Task details →
Please repeat, from the entries that follow, the lines from the one containing "define m where" through the one containing "using e1_shrunk_while_inside[OF that(1)]" exactly, adding nothing.

[Saved data entries]
[Start of Attachment]
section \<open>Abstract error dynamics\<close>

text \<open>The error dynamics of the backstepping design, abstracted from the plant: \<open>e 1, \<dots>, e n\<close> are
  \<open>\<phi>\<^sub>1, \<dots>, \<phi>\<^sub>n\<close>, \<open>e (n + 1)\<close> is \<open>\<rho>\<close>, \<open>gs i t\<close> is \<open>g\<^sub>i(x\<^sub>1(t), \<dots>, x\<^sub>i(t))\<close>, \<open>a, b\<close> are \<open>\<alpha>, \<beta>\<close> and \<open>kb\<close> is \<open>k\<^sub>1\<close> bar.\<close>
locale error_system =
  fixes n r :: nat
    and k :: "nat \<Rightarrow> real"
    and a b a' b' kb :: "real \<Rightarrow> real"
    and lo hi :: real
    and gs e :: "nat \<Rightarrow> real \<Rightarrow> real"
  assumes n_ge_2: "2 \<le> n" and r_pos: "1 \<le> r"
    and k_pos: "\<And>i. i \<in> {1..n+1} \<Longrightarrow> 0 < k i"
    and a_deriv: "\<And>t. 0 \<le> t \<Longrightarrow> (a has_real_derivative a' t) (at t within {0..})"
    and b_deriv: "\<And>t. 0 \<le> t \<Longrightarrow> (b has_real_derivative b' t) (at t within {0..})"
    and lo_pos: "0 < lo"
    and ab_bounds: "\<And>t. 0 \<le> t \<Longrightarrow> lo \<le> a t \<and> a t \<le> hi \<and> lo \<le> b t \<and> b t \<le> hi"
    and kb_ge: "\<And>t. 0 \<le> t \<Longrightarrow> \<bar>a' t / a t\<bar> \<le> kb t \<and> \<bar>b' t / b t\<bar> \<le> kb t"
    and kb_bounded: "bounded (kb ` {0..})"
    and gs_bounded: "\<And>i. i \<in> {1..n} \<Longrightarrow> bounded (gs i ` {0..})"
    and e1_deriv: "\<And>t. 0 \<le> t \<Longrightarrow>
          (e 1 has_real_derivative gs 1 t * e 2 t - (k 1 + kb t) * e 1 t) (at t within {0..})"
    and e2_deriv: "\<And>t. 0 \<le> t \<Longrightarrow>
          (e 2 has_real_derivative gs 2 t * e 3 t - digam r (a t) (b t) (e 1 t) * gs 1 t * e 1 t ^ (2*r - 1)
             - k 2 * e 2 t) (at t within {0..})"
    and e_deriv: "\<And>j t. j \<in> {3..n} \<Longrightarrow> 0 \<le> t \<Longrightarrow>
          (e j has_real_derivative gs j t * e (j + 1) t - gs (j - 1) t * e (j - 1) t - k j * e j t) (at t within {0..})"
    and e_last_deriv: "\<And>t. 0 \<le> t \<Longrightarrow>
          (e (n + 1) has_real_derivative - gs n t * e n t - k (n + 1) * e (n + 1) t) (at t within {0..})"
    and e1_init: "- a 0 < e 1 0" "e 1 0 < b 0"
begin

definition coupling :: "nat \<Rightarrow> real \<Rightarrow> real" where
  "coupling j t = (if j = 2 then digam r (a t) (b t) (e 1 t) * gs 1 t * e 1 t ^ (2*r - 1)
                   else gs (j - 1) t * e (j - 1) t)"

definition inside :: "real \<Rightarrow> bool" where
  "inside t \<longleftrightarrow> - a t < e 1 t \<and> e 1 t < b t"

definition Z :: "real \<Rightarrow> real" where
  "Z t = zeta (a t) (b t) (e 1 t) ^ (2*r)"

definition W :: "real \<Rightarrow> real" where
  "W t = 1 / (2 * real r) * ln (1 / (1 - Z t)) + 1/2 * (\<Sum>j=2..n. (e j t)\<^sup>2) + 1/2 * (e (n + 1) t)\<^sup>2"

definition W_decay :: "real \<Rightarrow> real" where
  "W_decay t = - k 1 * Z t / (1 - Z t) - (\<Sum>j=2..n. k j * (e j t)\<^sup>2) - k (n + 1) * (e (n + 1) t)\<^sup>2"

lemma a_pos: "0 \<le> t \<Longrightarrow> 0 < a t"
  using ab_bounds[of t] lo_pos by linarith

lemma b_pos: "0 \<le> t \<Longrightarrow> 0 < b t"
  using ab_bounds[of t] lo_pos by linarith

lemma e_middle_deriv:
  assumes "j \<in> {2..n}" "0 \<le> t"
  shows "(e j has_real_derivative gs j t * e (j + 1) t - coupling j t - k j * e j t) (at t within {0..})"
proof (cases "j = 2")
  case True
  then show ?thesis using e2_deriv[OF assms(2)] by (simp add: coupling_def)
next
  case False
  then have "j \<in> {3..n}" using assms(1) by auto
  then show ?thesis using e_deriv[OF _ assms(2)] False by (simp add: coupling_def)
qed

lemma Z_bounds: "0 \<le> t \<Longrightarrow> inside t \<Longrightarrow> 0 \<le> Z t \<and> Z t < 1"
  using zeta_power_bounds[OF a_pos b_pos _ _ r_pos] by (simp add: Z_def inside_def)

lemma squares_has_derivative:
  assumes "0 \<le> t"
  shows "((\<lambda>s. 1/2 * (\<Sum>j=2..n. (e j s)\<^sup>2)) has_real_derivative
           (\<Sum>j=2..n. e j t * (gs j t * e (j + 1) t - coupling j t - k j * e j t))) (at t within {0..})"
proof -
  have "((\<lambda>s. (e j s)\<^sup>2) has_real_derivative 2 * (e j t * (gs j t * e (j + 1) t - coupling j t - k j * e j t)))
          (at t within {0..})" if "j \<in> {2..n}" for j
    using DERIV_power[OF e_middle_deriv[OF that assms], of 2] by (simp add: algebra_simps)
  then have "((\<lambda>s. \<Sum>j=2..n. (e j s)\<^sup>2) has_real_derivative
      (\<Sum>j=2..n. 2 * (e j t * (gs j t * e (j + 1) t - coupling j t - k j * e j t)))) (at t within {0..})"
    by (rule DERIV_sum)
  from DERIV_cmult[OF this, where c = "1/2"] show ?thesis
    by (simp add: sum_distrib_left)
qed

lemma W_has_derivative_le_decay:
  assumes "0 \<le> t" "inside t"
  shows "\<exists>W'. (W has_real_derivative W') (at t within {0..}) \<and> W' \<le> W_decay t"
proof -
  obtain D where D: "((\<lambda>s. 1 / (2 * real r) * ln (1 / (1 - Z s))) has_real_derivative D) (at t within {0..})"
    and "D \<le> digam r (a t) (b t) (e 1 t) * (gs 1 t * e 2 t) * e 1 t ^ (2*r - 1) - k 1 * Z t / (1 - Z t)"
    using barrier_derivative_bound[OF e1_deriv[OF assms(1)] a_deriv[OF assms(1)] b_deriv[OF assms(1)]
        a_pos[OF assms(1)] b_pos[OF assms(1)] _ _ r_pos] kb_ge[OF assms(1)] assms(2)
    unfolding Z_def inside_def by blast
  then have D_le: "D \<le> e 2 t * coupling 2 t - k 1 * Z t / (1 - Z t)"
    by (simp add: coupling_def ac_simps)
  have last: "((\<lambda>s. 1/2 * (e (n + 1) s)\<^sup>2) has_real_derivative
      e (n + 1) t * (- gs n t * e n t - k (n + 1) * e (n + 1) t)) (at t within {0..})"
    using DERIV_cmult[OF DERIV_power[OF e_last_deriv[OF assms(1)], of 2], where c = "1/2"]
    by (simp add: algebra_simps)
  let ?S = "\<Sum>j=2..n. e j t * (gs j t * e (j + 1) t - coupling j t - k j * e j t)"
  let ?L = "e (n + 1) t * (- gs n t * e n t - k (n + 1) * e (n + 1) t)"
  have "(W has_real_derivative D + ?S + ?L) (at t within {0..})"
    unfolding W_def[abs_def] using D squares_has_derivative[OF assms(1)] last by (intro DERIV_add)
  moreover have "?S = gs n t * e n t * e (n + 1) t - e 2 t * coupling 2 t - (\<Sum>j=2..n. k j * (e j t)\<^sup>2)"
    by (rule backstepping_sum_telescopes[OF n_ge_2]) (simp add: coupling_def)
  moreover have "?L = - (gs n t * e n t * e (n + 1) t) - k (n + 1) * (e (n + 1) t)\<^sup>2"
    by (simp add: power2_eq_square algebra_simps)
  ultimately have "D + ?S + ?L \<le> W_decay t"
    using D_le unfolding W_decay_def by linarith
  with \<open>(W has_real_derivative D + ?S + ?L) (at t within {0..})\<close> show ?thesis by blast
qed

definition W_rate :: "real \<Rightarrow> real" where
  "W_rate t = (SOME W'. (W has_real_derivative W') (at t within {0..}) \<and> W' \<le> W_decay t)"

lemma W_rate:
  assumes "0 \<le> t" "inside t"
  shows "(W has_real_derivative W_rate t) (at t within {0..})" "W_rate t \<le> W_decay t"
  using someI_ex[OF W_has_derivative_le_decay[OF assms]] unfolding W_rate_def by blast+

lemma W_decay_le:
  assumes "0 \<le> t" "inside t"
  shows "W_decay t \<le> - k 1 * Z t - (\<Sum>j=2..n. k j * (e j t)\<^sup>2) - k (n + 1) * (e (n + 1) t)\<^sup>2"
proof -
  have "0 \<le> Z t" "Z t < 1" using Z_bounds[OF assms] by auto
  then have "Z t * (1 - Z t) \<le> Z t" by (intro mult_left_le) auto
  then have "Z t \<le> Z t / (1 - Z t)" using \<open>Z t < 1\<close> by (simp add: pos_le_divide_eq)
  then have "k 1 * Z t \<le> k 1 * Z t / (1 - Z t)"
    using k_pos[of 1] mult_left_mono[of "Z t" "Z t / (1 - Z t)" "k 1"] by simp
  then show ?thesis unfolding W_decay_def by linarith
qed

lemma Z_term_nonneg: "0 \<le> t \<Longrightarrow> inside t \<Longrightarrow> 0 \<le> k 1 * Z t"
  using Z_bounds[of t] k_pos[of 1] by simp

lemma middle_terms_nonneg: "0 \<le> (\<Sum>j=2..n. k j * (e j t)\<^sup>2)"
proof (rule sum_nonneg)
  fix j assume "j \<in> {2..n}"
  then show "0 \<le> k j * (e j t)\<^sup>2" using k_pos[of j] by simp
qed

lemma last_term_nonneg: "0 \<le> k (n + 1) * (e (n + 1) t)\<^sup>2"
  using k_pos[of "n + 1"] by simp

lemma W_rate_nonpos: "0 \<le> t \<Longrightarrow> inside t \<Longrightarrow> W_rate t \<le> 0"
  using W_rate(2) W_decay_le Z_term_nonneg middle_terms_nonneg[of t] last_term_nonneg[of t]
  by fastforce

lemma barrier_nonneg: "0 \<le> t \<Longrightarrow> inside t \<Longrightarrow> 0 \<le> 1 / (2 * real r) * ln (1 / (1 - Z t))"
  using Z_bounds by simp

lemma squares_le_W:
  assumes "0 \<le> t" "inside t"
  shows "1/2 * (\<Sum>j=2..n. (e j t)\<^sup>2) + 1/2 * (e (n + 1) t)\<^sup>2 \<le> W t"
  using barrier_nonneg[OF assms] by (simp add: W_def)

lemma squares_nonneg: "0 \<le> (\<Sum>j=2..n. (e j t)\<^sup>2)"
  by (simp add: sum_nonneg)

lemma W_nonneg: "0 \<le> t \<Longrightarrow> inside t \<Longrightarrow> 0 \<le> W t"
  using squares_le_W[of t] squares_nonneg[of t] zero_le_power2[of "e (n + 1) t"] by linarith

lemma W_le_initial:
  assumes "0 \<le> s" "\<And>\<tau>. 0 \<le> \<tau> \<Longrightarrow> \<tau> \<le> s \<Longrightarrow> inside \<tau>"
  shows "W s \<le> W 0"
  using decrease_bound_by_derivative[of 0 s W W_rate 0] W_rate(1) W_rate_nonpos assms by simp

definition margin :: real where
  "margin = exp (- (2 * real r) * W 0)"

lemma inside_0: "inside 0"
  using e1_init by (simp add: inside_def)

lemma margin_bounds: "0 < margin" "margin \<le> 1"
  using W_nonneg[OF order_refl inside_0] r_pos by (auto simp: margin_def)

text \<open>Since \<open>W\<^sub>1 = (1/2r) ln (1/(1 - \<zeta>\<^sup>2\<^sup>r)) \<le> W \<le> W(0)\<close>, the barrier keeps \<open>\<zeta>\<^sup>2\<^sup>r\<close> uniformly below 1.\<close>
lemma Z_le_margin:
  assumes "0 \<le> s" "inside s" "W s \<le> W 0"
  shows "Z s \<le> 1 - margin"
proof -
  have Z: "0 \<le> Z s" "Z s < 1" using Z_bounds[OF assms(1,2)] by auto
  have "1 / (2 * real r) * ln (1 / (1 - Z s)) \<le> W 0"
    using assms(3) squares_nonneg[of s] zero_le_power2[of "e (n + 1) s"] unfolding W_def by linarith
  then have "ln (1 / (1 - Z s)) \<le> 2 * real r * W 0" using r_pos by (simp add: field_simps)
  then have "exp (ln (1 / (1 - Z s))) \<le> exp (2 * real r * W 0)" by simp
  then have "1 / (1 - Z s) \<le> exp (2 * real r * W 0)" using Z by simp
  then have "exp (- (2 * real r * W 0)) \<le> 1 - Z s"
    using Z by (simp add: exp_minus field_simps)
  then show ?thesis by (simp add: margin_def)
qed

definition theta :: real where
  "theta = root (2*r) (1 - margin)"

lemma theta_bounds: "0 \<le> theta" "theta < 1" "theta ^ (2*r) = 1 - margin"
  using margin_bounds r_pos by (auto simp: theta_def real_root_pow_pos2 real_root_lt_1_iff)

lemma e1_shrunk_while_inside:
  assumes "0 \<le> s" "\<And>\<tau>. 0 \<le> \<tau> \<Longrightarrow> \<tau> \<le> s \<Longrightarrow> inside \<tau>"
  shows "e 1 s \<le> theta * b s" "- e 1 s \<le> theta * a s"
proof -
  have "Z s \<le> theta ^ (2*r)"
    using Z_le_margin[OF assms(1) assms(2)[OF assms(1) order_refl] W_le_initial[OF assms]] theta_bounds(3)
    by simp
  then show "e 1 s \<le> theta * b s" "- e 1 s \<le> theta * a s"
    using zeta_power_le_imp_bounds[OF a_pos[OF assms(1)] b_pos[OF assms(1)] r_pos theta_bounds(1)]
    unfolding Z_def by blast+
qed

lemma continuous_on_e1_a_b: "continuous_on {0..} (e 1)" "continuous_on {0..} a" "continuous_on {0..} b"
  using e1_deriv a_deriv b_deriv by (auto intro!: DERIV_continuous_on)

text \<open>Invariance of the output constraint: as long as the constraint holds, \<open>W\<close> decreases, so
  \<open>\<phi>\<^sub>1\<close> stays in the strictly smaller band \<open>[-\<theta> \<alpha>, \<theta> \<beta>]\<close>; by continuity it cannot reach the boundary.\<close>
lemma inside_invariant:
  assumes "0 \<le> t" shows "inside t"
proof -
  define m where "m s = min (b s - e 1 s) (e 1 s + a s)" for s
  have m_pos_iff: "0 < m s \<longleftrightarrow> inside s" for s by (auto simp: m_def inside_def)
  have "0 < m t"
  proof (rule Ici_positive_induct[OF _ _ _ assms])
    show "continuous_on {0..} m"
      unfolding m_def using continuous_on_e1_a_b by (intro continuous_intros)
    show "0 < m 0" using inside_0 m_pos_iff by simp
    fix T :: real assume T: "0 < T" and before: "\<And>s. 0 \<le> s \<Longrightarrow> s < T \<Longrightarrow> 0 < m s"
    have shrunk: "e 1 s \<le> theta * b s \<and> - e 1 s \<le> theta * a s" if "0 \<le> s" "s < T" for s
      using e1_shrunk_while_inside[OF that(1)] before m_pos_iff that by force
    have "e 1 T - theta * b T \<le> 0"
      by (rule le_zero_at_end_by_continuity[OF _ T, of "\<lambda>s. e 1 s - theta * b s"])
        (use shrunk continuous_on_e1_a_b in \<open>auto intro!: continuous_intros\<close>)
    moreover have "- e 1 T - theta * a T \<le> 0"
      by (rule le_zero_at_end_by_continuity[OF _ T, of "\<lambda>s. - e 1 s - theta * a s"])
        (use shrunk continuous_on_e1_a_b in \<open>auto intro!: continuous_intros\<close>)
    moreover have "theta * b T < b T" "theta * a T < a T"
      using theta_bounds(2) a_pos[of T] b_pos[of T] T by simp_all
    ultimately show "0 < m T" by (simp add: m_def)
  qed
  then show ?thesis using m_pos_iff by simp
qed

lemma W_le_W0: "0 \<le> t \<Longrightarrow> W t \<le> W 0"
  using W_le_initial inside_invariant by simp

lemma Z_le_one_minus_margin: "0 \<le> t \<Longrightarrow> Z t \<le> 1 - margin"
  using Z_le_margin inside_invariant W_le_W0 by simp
[End of Attachment]
Answer box →
  define m where "m s = min (b s - e 1 s) (e 1 s + a s)" for s
  have m_pos_iff: "0 < m s \<longleftrightarrow> inside s" for s by (auto simp: m_def inside_def)
  have "0 < m t"
  proof (rule Ici_positive_induct[OF _ _ _ assms])
    show "continuous_on {0..} m"
      unfolding m_def using continuous_on_e1_a_b by (intro continuous_intros)
    show "0 < m 0" using inside_0 m_pos_iff by simp
    fix T :: real assume T: "0 < T" and before: "\<And>s. 0 \<le> s \<Longrightarrow> s < T \<Longrightarrow> 0 < m s"
    have shrunk: "e 1 s \<le> theta * b s \<and> - e 1 s \<le> theta * a s" if "0 \<le> s" "s < T" for s
      using e1_shrunk_while_inside[OF that(1)] before m_pos_iff that by force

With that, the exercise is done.